03/09/2010
Zélie et les Gazzi
"Et comme ils s'ennuient, la journée se termine régulièrement par une bagarre."
Les Gazzi ? Des bandits à la petite semaine , des gamins dans des corps d'adultes, plus bêtes que méchants et qui , alors qu'ils projetaient un kidnapping ,vont se retrouver à quattre pattes en train de créer des déguisements avec Zélie , la fille de la couturière.
Evidemment , comme nous le montre la couverture, la petite fille va prendre le dessus , car elle est bien plus maligne que ces bandits d'opérette !

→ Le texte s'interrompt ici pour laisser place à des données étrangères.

(* Let $m\ge2$. The problem $-\psi''+Q\psi=0$ on $\Omega$, $\psi\in H^2(\Omega)\cap K(\Omega)$, admits $m$ linearly independent solutions if and only if at least $m+1$ of the $n$ problems \[ -z''+Qz=0\ \text{on}\ \omega_i,\qquad z(a)=0,\qquad \frac{\mathrm dz}{\mathrm d\omega_i}(a_i)=0,\qquad i=1,\dots,n, \] have nontrivial solutions.
   Context: $\Omega$ is a compact star graph with $n$ edges $\omega_i=[0,a_i]$, $a_i>0$, joined at a central vertex $a$ (corresponding to $0$); $a_i$ also denotes the free endpoint of $\omega_i$. Functions on $\Omega$ are tuples $(\psi_{\omega_1},\dots,\psi_{\omega_n})$, $H^2(\Omega)=\bigoplus_iH^2(0,a_i)$, $\frac{\mathrm dz}{\mathrm d\omega_i}(a_i):=z'_{\omega_i}(a_i)$, and on a single edge $z(a)$ means $z_{\omega_i}(0)$. $K(\Omega)$ is the set of functions satisfying the Kirchhoff conditions at $a$ ($\psi_{\omega_1}(0)=\dots=\psi_{\omega_n}(0)$, $\sum_i\psi'_{\omega_i}(0)=0$) and the Neumann conditions $\psi'_{\omega_j}(a_j)=0$ at every endpoint. $Q\in L^\infty(\Omega)$ is real-valued. *)

theory Defs
  imports "HOL-Analysis.Analysis"
begin

text \<open>A function psi on it lies in H^2(0,a) iff it is C^1
  with derivative d, and d is absolutely continuous with a square integrable derivative g,
  i.e. d x = d 0 + integral of g over [0,x].\<close>

definition H2_edge :: "real \<Rightarrow> (real \<Rightarrow> real) \<Rightarrow> (real \<Rightarrow> real) \<Rightarrow> (real \<Rightarrow> real) \<Rightarrow> bool" where
  "H2_edge a psi d g \<longleftrightarrow>
     (\<forall>x\<in>{0..a}. (psi has_real_derivative d x) (at x within {0..a})) \<and>
     g absolutely_integrable_on {0..a} \<and>
     (\<lambda>x. (g x)\<^sup>2) integrable_on {0..a} \<and>
     (\<forall>x\<in>{0..a}. d x = d 0 + integral {0..x} g)"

Comment lutter contre l'ennui, source de bien des ennuis ? Adrien Albert, aux commandes du texte et des dessins ( d'une fluidité remarquable) nous propose une solution qui plaira sans doute aux enfants en âge de lire la collection Mouche , mais pas qu' 'à eux !
Beaucoup de vivacité et d'humour, un régal !
Zélie et les Gazzi, Adrien Albert, Mouche de l'Ecole des loisirs 2010 .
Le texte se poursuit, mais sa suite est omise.